lemma noncomm_nilpotent_has_impostor:
  fixes G (structure)
  assumes nil: "nilpotent_group G" and noncomm: "\<not> comm_group G"
  shows "\<exists>A. word_image_impostor G A"
proof -
  have G: "group G" using nil by (simp add: nilpotent_group_def)
  interpret group G by fact
  obtain h g where h: "h \<in> carrier G" and g: "g \<in> carrier G" and gh: "g \<otimes> h \<noteq> h \<otimes> g"
    and central: "\<And>y z. y \<in> carrier G \<Longrightarrow> z \<in> carrier G \<Longrightarrow>
           commutator G y h \<otimes> z = z \<otimes> commutator G y h"
    using nilpotent_noncomm_obtains_central_commutators[OF nil noncomm] by blast
  have "commutator G g h \<noteq> \<phi> g" if "\<phi> \<in> iso G G" for \<phi>
  proof
    assume "commutator G g h = \<phi> g"
    then have "g \<otimes> h = h \<otimes> g"
      using central_if_aut_image_central[OF that g _ h] central[OF g] by simp
    with gh show False by simp
  qed
  moreover have "commutator G g h \<noteq> \<one>" using commutator_eq_one_iff[OF g h] gh by blast
  ultimately show ?thesis
    using word_image_impostor_from_endomorphism[OF G commutator_hom_if_central[OF h central] g]
    by (auto simp: aut_orbit_def)
qed

section \<open>Abelian groups of non-prime exponent\<close>

lemma (in comm_group) nat_pow_hom: "(\<lambda>y. y [^] (n::nat)) \<in> hom G G"
  by (rule homI) (simp_all add: nat_pow_distrib)

lemma (in group) group_exponent_pow_eq_one:
  assumes "finite (carrier G)" "x \<in> carrier G"
  shows "x [^] group_exponent G = \<one>"
proof -
  have "0 < order G \<and> (\<forall>y \<in> carrier G. y [^] order G = \<one>)"
    using assms(1) pow_order_eq_1 by (auto simp: order_def card_gt_0_iff)
  then show ?thesis
    using LeastI_ex[of "\<lambda>n. 0 < n \<and> (\<forall>y \<in> carrier G. y [^] n = \<one>)"] assms(2)
    unfolding group_exponent_def by blast
qed

lemma (in group) group_exponent_eq_ord:
  assumes "x \<in> carrier G" "0 < ord x" "\<And>y. y \<in> carrier G \<Longrightarrow> y [^] ord x = \<one>"
  shows "group_exponent G = ord x"
  unfolding group_exponent_def
proof (rule Least_equality)
  show "0 < ord x \<and> (\<forall>y \<in> carrier G. y [^] ord x = \<one>)" using assms by blast
  show "ord x \<le> n" if "0 < n \<and> (\<forall>y \<in> carrier G. y [^] n = \<one>)" for n
    using that assms(1) by (auto simp: pow_eq_id intro: dvd_imp_le)
qed

text \<open>A power map \<open>y \<mapsto> y\<^sup>a\<close> with \<open>a\<close> a proper divisor of \<open>ord x\<close> sends \<open>x\<close> to an element of
  smaller order, which no automorphism does.\<close>

lemma (in comm_group) impostor_if_composite_order:
  assumes fin: "finite (carrier G)" and x: "x \<in> carrier G"
    and nontriv: "ord x \<noteq> 1" and composite: "\<not> Factorial_Ring.prime (ord x)"
  shows "\<exists>A. word_image_impostor G A"
proof -
  have "ord x > 1" using ord_ge_1[OF fin x] nontriv by linarith
  then obtain a where "a dvd ord x" and a: "a \<noteq> 1" "a \<noteq> ord x"
    using composite by (auto simp: prime_nat_iff)
  then obtain b where ab: "ord x = a * b" by (auto elim: dvdE)
  then have "0 < a * b" using \<open>ord x > 1\<close> by linarith
  then have ab_pos: "0 < a" "0 < b" by simp_all
  have "a \<le> ord x" using dvd_imp_le[OF \<open>a dvd ord x\<close>] \<open>ord x > 1\<close> by simp
  then have a_lt: "a < ord x" using a(2) by linarith
  have b_lt: "b < ord x"
    using n_less_m_mult_n[of b a] ab ab_pos a(1) by simp
  have "x [^] a \<noteq> \<one>" using a_lt ab_pos(1) by (simp add: pow_eq_id[OF x] nat_dvd_not_less)
  moreover have "x [^] a \<noteq> \<phi> x" if \<phi>: "\<phi> \<in> iso G G" for \<phi>
  proof
    assume eq: "x [^] a = \<phi> x"
    have hom: "\<phi> \<in> hom G G" and inj: "inj_on \<phi> (carrier G)" using \<phi> by (auto simp: iso_iff)
    have "\<phi> (x [^] b) = \<phi> x [^] b" using hom_nat_pow[OF hom x is_group is_group] .
    also have "\<dots> = \<one>" using x by (simp add: nat_pow_pow ab[symmetric] flip: eq)
    also have "\<dots> = \<phi> \<one>" using hom by (simp add: hom_one is_group)
    finally have "x [^] b = \<one>" using inj x by (simp add: inj_on_def)
    then show False using b_lt ab_pos(2) by (simp add: pow_eq_id[OF x] nat_dvd_not_less)
  qed
  ultimately show ?thesis
    using word_image_impostor_from_endomorphism[OF is_group nat_pow_hom x]
    by (auto simp: aut_orbit_def)
qed

text \<open>If \<open>x\<close> and \<open>y\<close> had different prime orders \<open>p\<close> and \<open>q\<close>, then \<open>xy\<close> would have order
  neither \<open>1\<close>, \<open>p\<close> nor \<open>q\<close>, yet a prime dividing \<open>pq\<close>.\<close>

lemma (in comm_group) ord_eq_if_prime_orders:
  assumes prime_ord: "\<And>z. z \<in> carrier G \<Longrightarrow> z \<noteq> \<one> \<Longrightarrow> Factorial_Ring.prime (ord z)"
    and x: "x \<in> carrier G" "x \<noteq> \<one>" and y: "y \<in> carrier G" "y \<noteq> \<one>"
  shows "ord x = ord y"
proof (rule ccontr)
  assume ne: "ord x \<noteq> ord y"
  have px: "Factorial_Ring.prime (ord x)" and py: "Factorial_Ring.prime (ord y)"
    using prime_ord x y by auto
  have y_ord_x: "y [^] ord x \<noteq> \<one>"
    using y(1) ne primes_dvd_imp_eq[OF py px] by (auto simp: pow_eq_id)
  have x_ord_y: "x [^] ord y \<noteq> \<one>"
    using x(1) ne primes_dvd_imp_eq[OF px py] by (auto simp: pow_eq_id)
  define z where "z = x \<otimes> y"
  have z: "z \<in> carrier G" using x y by (simp add: z_def)
  have z_ord_x: "z [^] ord x = y [^] ord x" and z_ord_y: "z [^] ord y = x [^] ord y"
    using x y by (simp_all add: z_def nat_pow_distrib)
  then have "z \<noteq> \<one>" using y_ord_x by auto
  then have pz: "Factorial_Ring.prime (ord z)" using prime_ord z by blast
  moreover have "ord z dvd ord x * ord y"
    using abelian_ord_mul_divides x y by (simp add: z_def)
  ultimately have "ord z dvd ord x \<or> ord z dvd ord y"
    by (simp add: prime_dvd_mult_iff)
  then have "ord z = ord x \<or> ord z = ord y"
    using pz px py primes_dvd_imp_eq by blast
  then show False
    using z_ord_x z_ord_y y_ord_x x_ord_y pow_ord_eq_1[OF z] by auto
qed
text \<open>\<open>matching_avg M f v\<close> is the expected value of \<open>f\<close> at the new position of a single
  token that sits at \<open>v\<close> before a round with matching \<open>M\<close>.\<close>

definition matching_avg :: "('v \<times> 'v) set \<Rightarrow> ('v \<Rightarrow> real) \<Rightarrow> 'v \<Rightarrow> real" where
  "matching_avg M f v =
     (if \<exists>e\<in>M. v = fst e \<or> v = snd e then
        (let e = (SOME e. e \<in> M \<and> (v = fst e \<or> v = snd e)) in (f (fst e) + f (snd e)) / 2)
      else f v)"

lemma vertex_disjoint_if_is_matching: "is_matching V E M \<Longrightarrow> vertex_disjoint M"
  unfolding is_matching_def vertex_disjoint_def by blast

lemma some_matching_edge_eq:
  assumes "vertex_disjoint M" "e \<in> M" "v = fst e \<or> v = snd e"
  shows "(SOME e. e \<in> M \<and> (v = fst e \<or> v = snd e)) = e"
proof (rule some_equality)
  show "e \<in> M \<and> (v = fst e \<or> v = snd e)" using assms by blast
next
  fix e' assume "e' \<in> M \<and> (v = fst e' \<or> v = snd e')"
  then show "e' = e" using assms unfolding vertex_disjoint_def by blast
qed

lemma new_pos_edge_token:
  assumes "vertex_disjoint M" "e \<in> M" "i \<in> edge_tokens Tok w e"
  shows "new_pos M w C i = (if i \<in> C e then fst e else snd e)"
  using assms some_matching_edge_eq[OF assms(1,2), of "w i"]
  unfolding new_pos_def edge_tokens_def by (auto simp: Let_def)

lemma new_pos_unmatched_token:
  "i \<in> unmatched_tokens Tok w M \<Longrightarrow> new_pos M w C i = w i"
  unfolding new_pos_def unmatched_tokens_def by auto

lemma matching_avg_edge_token:
  assumes "vertex_disjoint M" "e \<in> M" "i \<in> edge_tokens Tok w e"
  shows "matching_avg M f (w i) = (f (fst e) + f (snd e)) / 2"
  using assms some_matching_edge_eq[OF assms(1,2), of "w i"]
  unfolding matching_avg_def edge_tokens_def by (auto simp: Let_def)

lemma matching_avg_unmatched_token:
  "i \<in> unmatched_tokens Tok w M \<Longrightarrow> matching_avg M f (w i) = f (w i)"
  unfolding matching_avg_def unmatched_tokens_def by auto

lemma matching_avg_bounded:
  assumes "\<And>v. A \<le> f v" "\<And>v. f v \<le> B"
  shows "A \<le> matching_avg M f v" "matching_avg M f v \<le> B"
  using assms[of "fst (SOME e. e \<in> M \<and> (v = fst e \<or> v = snd e))"]
    assms[of "snd (SOME e. e \<in> M \<and> (v = fst e \<or> v = snd e))"] assms[of v]
  unfolding matching_avg_def Let_def by auto

lemma matching_avg_affine:
  "matching_avg M (\<lambda>v. a + c * f v) = (\<lambda>v. a + c * matching_avg M f v)"
  unfolding matching_avg_def Let_def by (auto simp: fun_eq_iff field_simps)

context comm_monoid_set
begin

__________

■ **Work order**:
Starting with the line that holds "then show ?thesis" and ending with the line that holds "then obtain a", retype every line in the data above exactly, and nothing else.

■ **Output for this exercise**:
  then show ?thesis
    using LeastI_ex[of "\<lambda>n. 0 < n \<and> (\<forall>y \<in> carrier G. y [^] n = \<one>)"] assms(2)
    unfolding group_exponent_def by blast
qed

lemma (in group) group_exponent_eq_ord:
  assumes "x \<in> carrier G" "0 < ord x" "\<And>y. y \<in> carrier G \<Longrightarrow> y [^] ord x = \<one>"
  shows "group_exponent G = ord x"
  unfolding group_exponent_def
proof (rule Least_equality)
  show "0 < ord x \<and> (\<forall>y \<in> carrier G. y [^] ord x = \<one>)" using assms by blast
  show "ord x \<le> n" if "0 < n \<and> (\<forall>y \<in> carrier G. y [^] n = \<one>)" for n
    using that assms(1) by (auto simp: pow_eq_id intro: dvd_imp_le)
qed

text \<open>A power map \<open>y \<mapsto> y\<^sup>a\<close> with \<open>a\<close> a proper divisor of \<open>ord x\<close> sends \<open>x\<close> to an element of
  smaller order, which no automorphism does.\<close>

lemma (in comm_group) impostor_if_composite_order:
  assumes fin: "finite (carrier G)" and x: "x \<in> carrier G"
    and nontriv: "ord x \<noteq> 1" and composite: "\<not> Factorial_Ring.prime (ord x)"
  shows "\<exists>A. word_image_impostor G A"
proof -
  have "ord x > 1" using ord_ge_1[OF fin x] nontriv by linarith
  then obtain a where "a dvd ord x" and a: "a \<noteq> 1" "a \<noteq> ord x"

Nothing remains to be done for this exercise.